You can’t eliminate your risk of autoimmune disease entirely, but you can meaningfully lower it. Autoimmune conditions develop when three things converge: genetic susceptibility, an environmental trigger, and a breakdown in the immune system’s ability to distinguish your own tissues from threats. You control two of those three factors. The choices you make around diet, sleep, stress, toxic exposures, and a few key supplements can shift the odds substantially in your favor.
Why Autoimmune Disease Isn’t Just Genetic
Genes load the gun, but environment pulls the trigger. Having a family history of autoimmune disease raises your risk, yet most people with susceptibility genes never develop one. The immune system has built-in checkpoints that prevent it from attacking the body’s own tissues. Autoimmunity happens when environmental exposures overwhelm those checkpoints in someone whose genetics make the checkpoints slightly weaker to begin with.

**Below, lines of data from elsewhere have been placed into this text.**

lemma card_interval_largest_leaf_less:
  assumes k: "k \<in> {1..n}"
  shows "card {T \<in> dec_planar_trees {1..n}. largest_leaf T < k} =
    (\<Sum>A\<in>Pow {1..<k}. d (card A) (card A) * d (n - card A) (k - card A))"
proof -
  have "{x \<in> {1..n}. x < k} = {1..<k}" using k by auto
  then have "card {T \<in> dec_planar_trees {1..n}. largest_leaf T < k} = (\<Sum>A\<in>Pow {1..<k}.
      card (dec_planar_trees A) * card {T \<in> dec_planar_trees ({1..n} - A). largest_leaf T \<le> k})"
    using card_largest_leaf_less[OF _ k] by simp
  also have "\<dots> = (\<Sum>A\<in>Pow {1..<k}. d (card A) (card A) * d (n - card A) (k - card A))"
  proof (rule sum.cong)
    fix A assume "A \<in> Pow {1..<k}"
    then show "card (dec_planar_trees A) *
        card {T \<in> dec_planar_trees ({1..n} - A). largest_leaf T \<le> k}
        = d (card A) (card A) * d (n - card A) (k - card A)"
      using card_dec_planar_trees_eq_d[OF finite_subset] card_largest_leaf_le_complement[OF _ k]
      by simp
  qed simp
  finally show ?thesis .
qed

The triggers that have been most studied include infections, dietary factors, gut barrier breakdown, chemical exposures, chronic stress, and sleep disruption. Infections can kick-start autoimmunity through a process called molecular mimicry, where a pathogen’s proteins look similar enough to your own that the immune system gets confused. Epstein-Barr virus, for example, produces proteins that resemble human tissue, and people who later develop lupus show elevated antibodies to EBV years before their first symptoms appear. You can’t avoid every infection, but you can address the modifiable triggers listed below.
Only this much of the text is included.